I can go for runs most nights, and can train abs at home.

I don't know if a 3 day spilt is best for me.

But what confuses me the most is the amount of sets / reps I should do, and when to increase the weight.

I hope someone can help, and I appreciate your time.


----------



## doyle369 (May 28, 2009)

what supplemets do you recon I should take, I have taken whey protien, but what about mass gainer and creatine. and I need a my protein code


----------



## 8103 (May 5, 2008)

get your diet nailed!

just get on a compound based routine mate, google search starting strength, madcows, stronglifts etc

eat properly and lift heavy and the gains will come


----------



## doyle369 (May 28, 2009)

My diet is looking good, just dont know what supplements to go for


----------



## Ash1981 (Jun 16, 2009)

doyle369 said:


> My diet is looking good, just dont know what supplements to go for


supplements are exactly that... they supplement your diet.

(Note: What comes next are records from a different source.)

definition kaehler_norden :: "'a::euclidean_space set \<Rightarrow> ('a \<Rightarrow> 'a \<Rightarrow> 'a \<Rightarrow> real) \<Rightarrow> ('a \<Rightarrow> 'a \<Rightarrow> 'a) \<Rightarrow> bool" where
  "kaehler_norden U h J \<longleftrightarrow> almost_norden U h J \<and>
     (\<forall>p\<in>U. \<forall>x y. lc_cov h (\<lambda>_. x) (\<lambda>q. J q y) p - J p (lc_cov h (\<lambda>_. x) (\<lambda>_. y) p) = 0)"

definition const_sec_curv :: "'a::euclidean_space set \<Rightarrow> ('a \<Rightarrow> 'a \<Rightarrow> 'a \<Rightarrow> real) \<Rightarrow> real \<Rightarrow> bool" where
  "const_sec_curv U h k \<longleftrightarrow> (\<forall>p\<in>U. \<forall>x y z w.
     curv h p x y z w = k * (h p y z * h p x w - h p x z * h p y w))"

text \<open>S^1-solvable extension on R^+ \<times> U, points (t,p), tangent vectors (s,x) = s d/dt + x.\<close>
definition s1_metric :: "('a::euclidean_space \<Rightarrow> 'a \<Rightarrow> 'a \<Rightarrow> real) \<Rightarrow> ('a \<Rightarrow> 'a \<Rightarrow> 'a)
    \<Rightarrow> real \<times> 'a \<Rightarrow> real \<times> 'a \<Rightarrow> real \<times> 'a \<Rightarrow> real" where
  "s1_metric h J P X Y = fst X * fst Y
     + cos (2 * fst P) * h (snd P) (snd X) (snd Y)
     - sin (2 * fst P) * h (snd P) (snd X) (J (snd P) (snd Y))"

definition s1_phi :: "('a::euclidean_space \<Rightarrow> 'a \<Rightarrow> 'a) \<Rightarrow> real \<times> 'a \<Rightarrow> real \<times> 'a \<Rightarrow> real \<times> 'a" where
  "s1_phi J P X = (0, J (snd P) (snd X))"

definition s1_xi :: "real \<times> 'a::euclidean_space" where "s1_xi = (1, 0)"
definition s1_eta :: "real \<times> 'a::euclidean_space \<Rightarrow> real" where "s1_eta X = fst X"

end

theory Submission
  imports Defs
begin
lemma sum_root_paths_le:
  assumes "valid_splits \<alpha> c b L t" "finite (verts (region t))" "Hs \<subseteq> positions t"
    and "0 < \<alpha>" "\<alpha> < 1" "c > 0"
  shows "real (\<Sum>p\<in>root_paths Hs. card (boundary t p) + card (sep (subtree t p)))
           \<le> 6 * c * (real (height t) + 1)\<^sup>2
               * real (card Hs) powr (1 - \<alpha>) * real (card (region t)) powr \<alpha>"
proof -
  define P where "P = root_paths Hs"
  define h where "h = real (height t) + 1"
  define X where "X = 2 * c * real (card Hs) powr (1 - \<alpha>) * real (card (region t)) powr \<alpha>"
  define ST where "ST = (\<Sum>p\<in>P. real (card (sep (subtree t p))))"
  have "P \<subseteq> positions t" unfolding P_def using root_paths_subset_positions[OF assms(3)] .
  then have "finite P" and len: "\<And>p. p \<in> P \<Longrightarrow> length p \<le> height t"
    using finite_positions finite_subset length_le_height_if_in_positions by blast+
  have sep_level: "(\<Sum>p\<in>{p \<in> P. length p = d}. real (card (sep (subtree t p)))) \<le> X" for d
    unfolding P_def X_def by (rule sum_card_sep_level_le[OF assms(1,3-6)])
  have "ST \<le> h * X"
    using sum_le_by_levels[OF \<open>finite P\<close> len sep_level] unfolding ST_def h_def by simp
  have "ST \<ge> 0" "h \<ge> 1" unfolding ST_def h_def by (simp_all add: sum_nonneg)
  have bnd_level: "(\<Sum>p\<in>{p \<in> P. length p = d}. real (card (boundary t p))) \<le> 2 * ST" for d
  proof -
    have "(\<Sum>p\<in>{p \<in> P. length p = d}. card (bnd {} t p))
            \<le> 2 * (\<Sum>p\<in>{p \<in> P. length p < d}. card (sep (subtree t p)))"
      using sum_card_bnd_level_le[OF assms(1,2) _ \<open>P \<subseteq> positions t\<close>, of "{}" d]
        prefix_closed_root_paths unfolding P_def by simp
    then have "(\<Sum>p\<in>{p \<in> P. length p = d}. real (card (boundary t p)))
            \<le> 2 * (\<Sum>p\<in>{p \<in> P. length p < d}. real (card (sep (subtree t p))))"
      unfolding boundary_def by (simp flip: of_nat_sum)
    also have "(\<Sum>p\<in>{p \<in> P. length p < d}. real (card (sep (subtree t p)))) \<le> ST"
      unfolding ST_def using \<open>finite P\<close> by (intro sum_mono2) auto
    finally show ?thesis by simp
  qed
  have "real (\<Sum>p\<in>P. card (boundary t p) + card (sep (subtree t p)))
          = (\<Sum>p\<in>P. real (card (boundary t p))) + ST"
    unfolding ST_def by (simp add: sum.distrib)
  also have "\<dots> \<le> h * (2 * ST) + ST"
    using sum_le_by_levels[OF \<open>finite P\<close> len bnd_level] unfolding h_def by simp
  also have "\<dots> \<le> 3 * h * ST" using mult_left_mono[OF \<open>h \<ge> 1\<close> \<open>ST \<ge> 0\<close>] by (simp add: algebra_simps)
  also have "\<dots> \<le> 3 * h * (h * X)" using \<open>ST \<le> h * X\<close> \<open>h \<ge> 1\<close> by simp
  finally show ?thesis by (simp add: P_def h_def X_def power2_eq_square algebra_simps)
qed

theorem mainTheorem6:
  fixes \<alpha> c b C\<^sub>\<eta> :: real and L :: nat
  assumes "0 < \<alpha>" "\<alpha> < 1" "c > 0" "0 < b" "b < 1" "C\<^sub>\<eta> > 0"
  shows "\<exists>C k. \<forall>(E :: nat set set) t Hs.
     simple_graph E \<and> separable_with \<alpha> c b E \<and>
     separator_tree \<alpha> c b L E t \<and>
     real (height t) \<le> C\<^sub>\<eta> * ln (real (card E) + 2) \<and>
     Hs \<subseteq> positions t
     \<longrightarrow> real (\<Sum>p\<in>root_paths Hs. card (boundary t p) + card (sep (subtree t p)))
         \<le> C * real (card Hs) powr (1 - \<alpha>) * real (card E) powr \<alpha> * ln (real (card E) + 2) ^ k"
proof (intro exI allI impI)
  fix E :: "nat set set" and t :: "nat stree" and Hs :: "bool list set"
  define A where "A = C\<^sub>\<eta> + 1 / ln 2"
  define \<Lambda> where "\<Lambda> = ln (real (card E) + 2)"
  define W where "W = real (card Hs) powr (1 - \<alpha>) * real (card E) powr \<alpha>"
  assume H: "simple_graph E \<and> separable_with \<alpha> c b E \<and> separator_tree \<alpha> c b L E t \<and>
    real (height t) \<le> C\<^sub>\<eta> * ln (real (card E) + 2) \<and> Hs \<subseteq> positions t"
  then have "finite (verts E)"
    unfolding simple_graph_def verts_def by (metis finite_Union card.infinite zero_neq_numeral)
  have "real (height t) \<le> C\<^sub>\<eta> * \<Lambda>" using H unfolding \<Lambda>_def by simp
  moreover have "1 \<le> \<Lambda> / ln 2" unfolding \<Lambda>_def by simp
  moreover have "A * \<Lambda> = C\<^sub>\<eta> * \<Lambda> + \<Lambda> / ln 2" unfolding A_def by (simp add: distrib_right)
  ultimately have "real (height t) + 1 \<le> A * \<Lambda>" by linarith
  have "real (\<Sum>p\<in>root_paths Hs. card (boundary t p) + card (sep (subtree t p)))
      \<le> 6 * c * (real (height t) + 1)\<^sup>2 * W"
    using sum_root_paths_le[of \<alpha> c b L t Hs] H assms \<open>finite (verts E)\<close>
    unfolding separator_tree_def W_def by (simp add: mult.assoc)
  also have "\<dots> \<le> 6 * c * (A * \<Lambda>)\<^sup>2 * W"
    using \<open>real (height t) + 1 \<le> A * \<Lambda>\<close> assms
    by (intro mult_right_mono mult_left_mono power_mono) (auto simp: W_def)
  finally show "real (\<Sum>p\<in>root_paths Hs. card (boundary t p) + card (sep (subtree t p)))
      \<le> 6 * c * A\<^sup>2 * real (card Hs) powr (1 - \<alpha>) * real (card E) powr \<alpha> * ln (real (card E) + 2) ^ 2"
    by (simp add: W_def \<Lambda>_def power_mult_distrib mult_ac)
qed

end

just get a decent whey protein,multi vit and maybe some fish oils

but food is your friend


----------



## 8103 (May 5, 2008)

doyle369 said:


> My diet is looking good, just dont know what supplements to go for


if your diet is looking good you may not need supplements

some whey post workout may be all you need

supplements are not the be all and end all


----------



## bally (Feb 15, 2009)

Dont worry to much about supps at the moment, just make sure you take a good whey protien, look at compound movements, squats, deadlifts, bench press these will work the whole body and build good struture, no need to do lots of different exercises at the start just keep it simple and eat like a beast, would be worth posting your diet on here the guys will give you some good pointers to make sure you not wasting time and money on food you dont need,

good luck


----------



## MarkFranco (Aug 26, 2010)

Squats, eat, sleep, repeat.


----------



## doyle369 (May 28, 2009)

hmmmm


----------



## Danjal (Aug 4, 2009)

doyle369 said:


> hmmmm


Hmmmm? Are you actually wanting help and advice or just here to chat? Seems that you have a high post count but doesn't look like you've trained, or are taking on board any advice from anyone here.


----------



## 1adf1 (Jun 15, 2010)

basic 3 day spit with compound exercises

eat like crazy to put on the weight

not much need for sups at your stage just: protein shake, muti vits and fish oil o ya and eat like crazy 6 meals a day and if our not putting on any weight eat some more

aim for 1-2lb weight increase a week every week


----------



## Guest (Nov 18, 2010)

Desperadodan said:


> Hmmmm? Are you actually wanting help and advice or just here to chat? Seems that you have a high post count but doesn't look like you've trained, or are taking on board any advice from anyone here.


B1tchy, but funny...


----------



## Danjal (Aug 4, 2009)

NikstaC said:


> B1tchy, but funny...


Not meant to be bitchy, just wanting to be honest.


----------



## Guest (Nov 18, 2010)

Desperadodan said:


> Not meant to be bitchy, just wanting to be honest.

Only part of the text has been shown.